The board includes a 74245 bidirectional transceiver to implement the byte-wide bidirectional data bus. A second 74245 transceiver is used as a unidirectional buffer to power the C\*RAM data

outputs.

#### **6.2 Test Software**

The 1000 line test program CRAMTest was developed using the BASICA (or GWBASIC) interpreter. Although this is a fairly primitive environment, it was available and adequate for writing a test program. The main disadvantage is the difficulty to modify source code since this sometimes requires line renumbering. Under the PC Windows environment though, this disadvantage is alleviated since the source code can be edited in a separate text editor window, outside the BASICA interpreter window (obviously, the source code has to be reloaded afterwards).

As a general idea, the test program is in fact a sketch of a C\*RAM development system. The important restriction is that C\*RAM programs cannot be emulated by this "sketch", it can only execute single instructions in an interactive manner. The program offers a menu of memory and C\*RAM instructions, and executes the selected operation after the appropriate parameters have been entered. These parameters are translated in bit configurations sent to the data generators. Then, the data generators are activated and the C\*RAM outputs are sampled by the logic analyzer, previously programmed for the appropriate trigger condition. The data sampled by the logic analyzer is read into the GPIB controller, where the test program selects the bit configurations and translates them into memory data.

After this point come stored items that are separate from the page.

lemma GW_EF_distr_perp_map_right:
  fixes \<mu> :: "'a::euclidean_space measure" and \<nu> :: "'b::euclidean_space measure"
    and L :: "'a \<Rightarrow> 'a \<Rightarrow> 'b \<Rightarrow> 'b \<Rightarrow> real"
  assumes E: "subspace E" and F: "subspace F"
    and sets_\<mu>: "sets \<mu> = sets borel" and sets_\<nu>: "sets \<nu> = sets borel"
    and L: "(\<lambda>(z, z'). L (fst z) (fst z') (snd z) (snd z')) \<in> borel_measurable (borel \<Otimes>\<^sub>M borel)"
    and h: "isometry_of (orthogonal_comp F) h"
    and L_inv: "\<And>x x' y y'. L x x' (perp_map F h y) (perp_map F h y') = L x x' y y'"
  shows "GW_EF L E F \<gamma>s \<mu> (distr \<nu> borel (perp_map F h)) = GW_EF L E F \<gamma>s \<mu> \<nu>"
proof -
  let ?h' = "inv_into (orthogonal_comp F) h"
  have h': "isometry_of (orthogonal_comp F) ?h'" by (rule isometry_of_inv_into[OF h])
  have maps: "h ` orthogonal_comp F \<subseteq> orthogonal_comp F" "?h' ` orthogonal_comp F \<subseteq> orthogonal_comp F"
    using h h' by (simp_all add: isometry_of_def)
  have inv_h: "?h' (h u) = u" "h (?h' u) = u" if "u \<in> orthogonal_comp F" for u
    using that h isometry_of_inj_on[OF h] by (simp_all add: isometry_of_def f_inv_into_f)
  have inv: "perp_map F ?h' (perp_map F h y) = y" "perp_map F h (perp_map F ?h' y) = y" for y
    using perp_map_left_inverse[OF F maps(1) inv_h(1)] perp_map_left_inverse[OF F maps(2) inv_h(2)] by simp_all
  have "GW_EF L E F \<gamma>s (distr \<mu> borel (\<lambda>x. x)) (distr \<nu> borel (perp_map F h)) = GW_EF L E F \<gamma>s \<mu> \<nu>"
    by (rule GW_EF_distr_eq[where L=L, OF E F sets_\<mu> sets_\<nu> measurable_ident_sets[OF refl] measurable_ident_sets[OF refl]
          borel_measurable_perp_map[OF F h] borel_measurable_perp_map[OF F h'] refl refl inv
          refl orth_proj_perp_map(1)[OF F maps(1)] L L_inv])
  then show ?thesis using sets_\<mu> by (simp add: distr_id2)
qed

lemma borel_measurable_loss_sq:
  "(\<lambda>(z, z'). loss_sq (fst z) (fst z') (snd z) (snd z'))
     \<in> borel_measurable (borel \<Otimes>\<^sub>M (borel :: ('a::euclidean_space \<times> 'b::euclidean_space) measure))"
  unfolding borel_prod loss_sq_def case_prod_beta
  by (intro borel_measurable_continuous_onI continuous_intros)

lemma borel_measurable_loss_inner:
  "(\<lambda>(z, z'). loss_inner (fst z) (fst z') (snd z) (snd z'))
     \<in> borel_measurable (borel \<Otimes>\<^sub>M (borel :: ('a::euclidean_space \<times> 'b::euclidean_space) measure))"
  unfolding borel_prod loss_inner_def case_prod_beta
  by (intro borel_measurable_continuous_onI continuous_intros)

theorem proposition2:
  fixes \<mu> :: "'a::euclidean_space measure" and \<nu> :: "'b::euclidean_space measure"
    and E :: "'a set" and F :: "'b set"
    and \<gamma>1 \<gamma>2 :: "('a \<times> 'b) measure"
  assumes "prob_borel \<mu>" and "prob_borel \<nu>"
    and "subspace E" and "subspace F"
    and opt1: "gw_optimal_plan loss_sq E F \<mu> \<nu> \<gamma>1"
    and opt2: "gw_optimal_plan loss_inner E F \<mu> \<nu> \<gamma>2"
  shows
    "(\<forall>g. isometry_of (orthogonal_comp E) g \<longrightarrow>
        GW_EF loss_sq E F \<gamma>1 (distr \<mu> borel (perp_map E g)) \<nu> = GW_EF loss_sq E F \<gamma>1 \<mu> \<nu>) \<and>
     (\<forall>h. isometry_of (orthogonal_comp F) h \<longrightarrow>
        GW_EF loss_sq E F \<gamma>1 \<mu> (distr \<nu> borel (perp_map F h)) = GW_EF loss_sq E F \<gamma>1 \<mu> \<nu>) \<and>
     (\<forall>g. orthogonal_map_of (orthogonal_comp E) g \<longrightarrow>
        GW_EF loss_inner E F \<gamma>2 (distr \<mu> borel (perp_map E g)) \<nu> = GW_EF loss_inner E F \<gamma>2 \<mu> \<nu>) \<and>
     (\<forall>h. orthogonal_map_of (orthogonal_comp F) h \<longrightarrow>
        GW_EF loss_inner E F \<gamma>2 \<mu> (distr \<nu> borel (perp_map F h)) = GW_EF loss_inner E F \<gamma>2 \<mu> \<nu>)"
proof (intro conjI allI impI)
  have E: "subspace E" and F: "subspace F" by fact+
  have sets_\<mu>\<nu>: "sets \<mu> = sets borel" "sets \<nu> = sets borel"
    using assms(1,2) by (auto simp: prob_borel_def)
  have orth_E: "isometry_of (orthogonal_comp E) g" "g 0 = 0"
    if "orthogonal_map_of (orthogonal_comp E) g" for g
    using orthogonal_map_of_imp_isometry_of orthogonal_map_of_zero subspace_orthogonal_comp that by blast+
  have orth_F: "isometry_of (orthogonal_comp F) h" "h 0 = 0"
    if "orthogonal_map_of (orthogonal_comp F) h" for h
    using orthogonal_map_of_imp_isometry_of orthogonal_map_of_zero subspace_orthogonal_comp that by blast+
  fix g h
  show "GW_EF loss_sq E F \<gamma>1 (distr \<mu> borel (perp_map E g)) \<nu> = GW_EF loss_sq E F \<gamma>1 \<mu> \<nu>"
    if g: "isometry_of (orthogonal_comp E) g"
    by (rule GW_EF_distr_perp_map_left[OF E F sets_\<mu>\<nu> borel_measurable_loss_sq g])
      (simp add: loss_sq_def dist_perp_map[OF E g, unfolded dist_norm])
  show "GW_EF loss_sq E F \<gamma>1 \<mu> (distr \<nu> borel (perp_map F h)) = GW_EF loss_sq E F \<gamma>1 \<mu> \<nu>"
    if h: "isometry_of (orthogonal_comp F) h"
    by (rule GW_EF_distr_perp_map_right[OF E F sets_\<mu>\<nu> borel_measurable_loss_sq h])
      (simp add: loss_sq_def dist_perp_map[OF F h, unfolded dist_norm])
  show "GW_EF loss_inner E F \<gamma>2 (distr \<mu> borel (perp_map E g)) \<nu> = GW_EF loss_inner E F \<gamma>2 \<mu> \<nu>"
    if "orthogonal_map_of (orthogonal_comp E) g"
    by (rule GW_EF_distr_perp_map_left[OF E F sets_\<mu>\<nu> borel_measurable_loss_inner orth_E(1)[OF that]])
      (simp add: loss_inner_def inner_perp_map[OF E orth_E[OF that]])
  show "GW_EF loss_inner E F \<gamma>2 \<mu> (distr \<nu> borel (perp_map F h)) = GW_EF loss_inner E F \<gamma>2 \<mu> \<nu>"
    if "orthogonal_map_of (orthogonal_comp F) h"
    by (rule GW_EF_distr_perp_map_right[OF E F sets_\<mu>\<nu> borel_measurable_loss_inner orth_F(1)[OF that]])
      (simp add: loss_inner_def inner_perp_map[OF F orth_F[OF that]])
qed

end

The following operations can be executed within this environment:

- 1. Memory Write
- 2. Memory Read
- 3. C\*RAM Operate-Write
- 4. Serial Data In (for Cs64p512)
- 5. Serial Data Out (Cs64p512)
- 6. Serial register store (Cs64p512)
- 7. Serial register load (Cs64p512)
- 8. Memory range test

#### 6.2.1 C\*RAM Testing with the CRAMTest Program

This section presents an example sequence of operations used to verify whether a C\*RAM chip is functional. All feed-back from the chip is verified via memory read operations. The read values can be checked in two ways, on the logic analyzer screen, or as values returned by the program (which in turn reads them from the logic analyzer).

a. RAM verification: a sequence of memory write/read operations.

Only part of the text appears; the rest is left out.